II - Se a recorrente no seu requerimento de interposição do recurso, não invocou qualquer fundamento excecional para admissibilidade da revista, não poderá no âmbito da reclamação para a conferência vir pedir uma convolação oficiosa, a qual não poderá ser admitida por manifesta extemporaneidade.
1-Relatório:
A requerente, AA apresentou-se à insolvência, que foi declarada por sentença proferida em 22.05.2019.
Foi relacionado um único imóvel, correspondente à fração "..." - Habitação no ... e arrecadação na ..., do prédio sito na Avenida ..., nº ..., Concelho de ....
Em 11.06.2019 a Sr.ª administradora da insolvência juntou auto de apreensão e em 30.08.2023 escritura pública de compra e venda do imóvel da insolvente, celebrada no âmbito da liquidação da massa insolvente em 29.08.2023 com o credor hipotecário, Caixa Geral de Depósitos.
Pelo requerimento de 30.08.2023 a AI mais considerou concluída a liquidação.
Em 08.01.2024 a CGD alegou que a insolvente não procedeu à entrega voluntária do imóvel e ali permanece sem título válido e requereu seja autorizada “a tomada de posse do imóvel adjudicado à ora credora reclamante, deferindo, desde já, o auxílio da força pública, se necessário.”
Em resposta a insolvente requereu a suspensão da entrega do imóvel com fundamento nos arts. 150º, nº 6 do CIRE e 863º, nºs 3 a 5 do Código de Processo Civil (CPC).
Sobre o dito requerimento recaiu o seguinte despacho de 14.02.2024:
«Nesses termos, por não estarem reunidos os pressupostos do art. 863.º, n.º 3 do Cód. Proc. Civil, indefere-se o requerimento de suspensão da entrega do imóvel apresentado pela insolvente.
Fixa-se o prazo de 45 (quarenta e cinco) dias para a insolvente proceder à entrega voluntária da fracção autónoma em questão à administradora da insolvência, se outro prazo não for acordado com a adquirente.
Decorrido o prazo acima mencionado sem que a fracção autónoma tenha sido entregue, desde já se autoriza a administradora da insolvência a requerer o auxílio da força pública para a desocupação e entrega da fracção à adquirente, nos termos das disposições conjugadas dos arts. 754.º, n.º 2, 828.º e 861.º, n.ºs 1 e 6 do Cód. Proc. Civil e arts. 17.º do CIRE.
Caso a administradora de insolvência venha a designar data para entrega coerciva da fracção, deverá dar cumprimento ao disposto no art. 861.º, n.º 6 do Cód. Proc. Civil quanto à comunicação antecipada do facto à câmara municipal e às entidades assistenciais competentes e ter em consideração o disposto nos arts. 863.º, n.ºs 3 a 5 do Cód.
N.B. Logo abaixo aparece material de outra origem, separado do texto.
(* Let $\mathbf{k}$ be a commutative ring, $\lambda\in\mathbf{k}$ and $X$ a set. Then $(\mathbf{k}\mathcal{F}_X^a,\diamond,u,\Delta_a,\epsilon_a)$ is a Hopf algebra, i.e. this bialgebra admits an antipode $S$.
   Context: Angularly decorated forests. The set $\mathcal{F}_X^a$ of angularly decorated (planar rooted) forests and its subset of angularly decorated trees are defined recursively: the one-vertex tree $\bullet$ is a tree; if $T_1,\dots,T_k$ ($k\ge1$) are trees and $x_1,\dots,x_{k-1}\in X$, then the word $T_1x_1T_2x_2\cdots x_{k-1}T_k$ is a forest (for $k=1$ it is the tree $T_1$); and if $F=T_1x_1\cdots x_{k-1}T_k$ is a forest, then $B^+(F)$ is a tree, namely the planar tree obtained by adding a new root joined by edges to the roots of $T_1,\dots,T_k$, the decoration $x_i$ sitting in the angle between the $i$-th and $(i+1)$-th children. The depth of a tree is the maximal length of a path from root to a leaf; the depth of a forest is the maximum depth of its trees. $\mathbf{k}\mathcal{F}_X^a$ is the free $\mathbf{k}$-module on $\mathcal{F}_X^a$; $B^+$ is extended linearly. Product. The bilinear product $\diamond$ is defined by recursion on the sum of depths: for trees, $\bullet\diamond\bullet=\bullet$, $T\diamond\bullet=T$, $\bullet\diamond T=T$, and $B^+(\overline{T})\diamond B^+(\overline{T'})=B^+\big(B^+(\overline{T})\diamond\overline{T'}\big)+B^+\big(\overline{T}\diamond B^+(\overline{T'})\big)+\lambda B^+\big(\overline{T}\diamond\overline{T'}\big)$; for forests $T=T_1x_1\cdots x_{m-1}T_m$ and $T'=T'_1y_1\cdots y_{n-1}T'_n$, $T\diamond T'=T_1x_1\cdots x_{m-1}(T_m\diamond T'_1)y_1T'_2\cdots y_{n-1}T'_n$, extended linearly in the middle factor. Unit $u:\mathbf{k}\to\mathbf{k}\mathcal{F}_X^a$, $1\mapsto\bullet$; counit $\epsilon_a(\bullet)=1$, $\epsilon_a(F)=0$ for $F\in\mathcal{F}_X^a\setminus\{\bullet\}$. Coproduct. Let $F\in\mathcal{F}_X^a$. A non-leaf vertex is a vertex with at least one child. For a non-leaf vertex $v$, the rooted subtree $F_v$ consists of $v$, its descendants, the edges between them and all decorations in angles between children of its vertices. A decoration occurrence is an occurrence of a letter of $X$ in $F$. An admissible subforest $H$ of $F$ is a finite (possibly empty) set of pieces, each a rooted subtree $F_v$ ($v$ non-leaf) or a single decoration occurrence, pairwise disjoint (no shared vertices among chosen rooted subtrees, no chosen decoration inside a chosen rooted subtree), listed left to right as $H_1,\dots,H_n$. Its closure is $\mathrm{cl}(H)=\widehat{H_1}\diamond\cdots\diamond\widehat{H_n}$ with $\widehat{H_i}=H_i$ for a rooted subtree and $\widehat{H_i}=\bullet x\bullet$ for an occurrence of $x$; $\mathrm{cl}(\emptyset)=\bullet$. The quotient $F/H$ is obtained by replacing each chosen rooted subtree by a leaf $\bullet$ and each chosen decoration occurrence by a symbol $\star$, then evaluating recursively: a word $T_1s_1\cdots s_{k-1}T_k$ ($s_i\in X\cup\{\star\}$) evaluates to $\overline{T_1}\diamond c(s_1)\diamond\cdots\diamond c(s_{k-1})\diamond\overline{T_k}$ with $c(x)=\bullet x\bullet$, $c(\star)=\bullet$, $\overline{\bullet}=\bullet$, $\overline{B^+(W)}=B^+(\text{value of }W)$. The angular coproduct is $\Delta_a(F)=\sum_H\mathrm{cl}(H)\otimes F/H$ over all admissible subforests $H$, extended linearly. *)

theory Defs
  imports Main "HOL-Library.Poly_Mapping"
begin

text \<open>The free k-module on a set B is modelled as the type of finitely supported
  functions; the basis element b is single b 1.  The tensor product of free modules on A and B
  is identified with the free module on A \<times> B.  k-linear maps are determined by their
  values on basis elements; lin f is the linear extension of f.\<close>

definition bas :: "'b \<Rightarrow> ('b \<Rightarrow>\<^sub>0 'k::comm_ring_1)" where
  "bas b = Poly_Mapping.single b 1"

definition smult :: "'k::comm_ring_1 \<Rightarrow> ('b \<Rightarrow>\<^sub>0 'k) \<Rightarrow> ('b \<Rightarrow>\<^sub>0 'k)" where
  "smult c v = Poly_Mapping.map (\<lambda>x. c * x) v"

definition lin :: "('a \<Rightarrow> ('b \<Rightarrow>\<^sub>0 'k::comm_ring_1)) \<Rightarrow> ('a \<Rightarrow>\<^sub>0 'k) \<Rightarrow> ('b \<Rightarrow>\<^sub>0 'k)" where
  "lin f v = (\<Sum>a\<in>Poly_Mapping.keys v. smult (Poly_Mapping.lookup v a) (f a))"

definition lin_scalar :: "('a \<Rightarrow> 'k::comm_ring_1) \<Rightarrow> ('a \<Rightarrow>\<^sub>0 'k) \<Rightarrow> 'k" where
  "lin_scalar f v = (\<Sum>a\<in>Poly_Mapping.keys v. Poly_Mapping.lookup v a * f a)"

definition bilin :: "('a \<Rightarrow> 'b \<Rightarrow> ('c \<Rightarrow>\<^sub>0 'k::comm_ring_1)) \<Rightarrow> ('a \<Rightarrow>\<^sub>0 'k) \<Rightarrow> ('b \<Rightarrow>\<^sub>0 'k) \<Rightarrow> ('c \<Rightarrow>\<^sub>0 'k)" where
  "bilin f u v = lin (\<lambda>a. lin (\<lambda>b. f a b) v) u"

definition tensor :: "('a \<Rightarrow>\<^sub>0 'k::comm_ring_1) \<Rightarrow> ('b \<Rightarrow>\<^sub>0 'k) \<Rightarrow> ('a \<times> 'b \<Rightarrow>\<^sub>0 'k)" where
  "tensor u v = bilin (\<lambda>a b. bas (a, b)) u v"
Proc. Civil na execução da diligência».
Em 04.04.2024 a insolvente requereu o diferimento da desocupação do imóvel pelo prazo de 05 (cinco) meses a contar da data do trânsito em julgado da decisão que o conceder, invocando em fundamento os arts. 150º, nº 5 do CIRE e 864º, nº 1 e 2, al. a) e 865º, nº 4 do CPC.
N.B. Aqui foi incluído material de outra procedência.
lemma relabel_eq_relabelD:
  assumes "finite A" "card A = m" "distinct \<sigma>" "set \<sigma> = {1..m}"
    and "finite B" "card B = m" "distinct \<tau>" "set \<tau> = {1..m}"
    and eq: "relabel A \<sigma> = relabel B \<tau>"
  shows "\<sigma> = \<tau> \<and> A = B"
proof -
  have "A = B"
    using eq relabel_props(2)[OF assms(1-4)] relabel_props(2)[OF assms(5-8)] by simp
  moreover have "inj_on (nth_smallest A) (set \<sigma> \<union> set \<tau>)"
    using inj_on_nth_smallest[OF assms(1)] assms(2,4,8) by simp
  ultimately show ?thesis using eq by (simp add: relabel_def inj_on_map_eq_map)
qed

lemma relabel_surj:
  assumes "distinct ys"
  obtains \<sigma> where "distinct \<sigma>" "set \<sigma> = {1..length ys}" "relabel (set ys) \<sigma> = ys"
proof -
  let ?f = "nth_smallest (set ys)"
  have card: "card (set ys) = length ys" using assms by (rule distinct_card)
  have inj: "inj_on ?f {1..length ys}"
    using inj_on_nth_smallest[of "set ys"] card by simp
  have img: "?f ` {1..length ys} = set ys"
    using nth_smallest_image[of "set ys"] card by simp
  define \<sigma> where "\<sigma> = map (the_inv_into {1..length ys} ?f) ys"
  have "distinct \<sigma>"
    using assms inj_on_the_inv_into[OF inj, unfolded img] by (simp add: \<sigma>_def distinct_map)
  moreover have "set \<sigma> = {1..length ys}"
    using the_inv_into_onto[OF inj, unfolded img] by (simp add: \<sigma>_def)
  moreover have "relabel (set ys) \<sigma> = ys"
    unfolding relabel_def \<sigma>_def map_map
    by (rule map_idI) (metis comp_apply f_the_inv_into_f[OF inj, unfolded img])
  ultimately show ?thesis by (rule that)
qed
Sobre este requerimento recaiu despacho proferido em 15.04.2024, concluindo:
«Em conformidade com tudo o exposto, conclui-se que a dedução do incidente de diferimento de desocupação, já após a venda do imóvel, mostra-se extemporânea, nos termos do disposto no art.º 865º, n.º 1, alínea a), do CPC, ex vi do art.º 150º, n.º 1 e n.º 5, do CIRE, o que assim se declara.
Nestes termos, indefere-se liminarmente o requerimento da insolvente, devendo a mesma proceder à entrega do imóvel livre de pessoas e bens, no prazo de 45 (quarenta e cinco dias), sob pena de recurso ao auxílio da força pública, nos exactos termos determinados no despacho de 14.02.2024».
A insolvente interpôs recurso para o TRL., onde foi proferido acórdão, com o seguinte teor a final:
«Em conformidade com o exposto, decide-se pela improcedência do recurso, com consequente manutenção da decisão recorrida».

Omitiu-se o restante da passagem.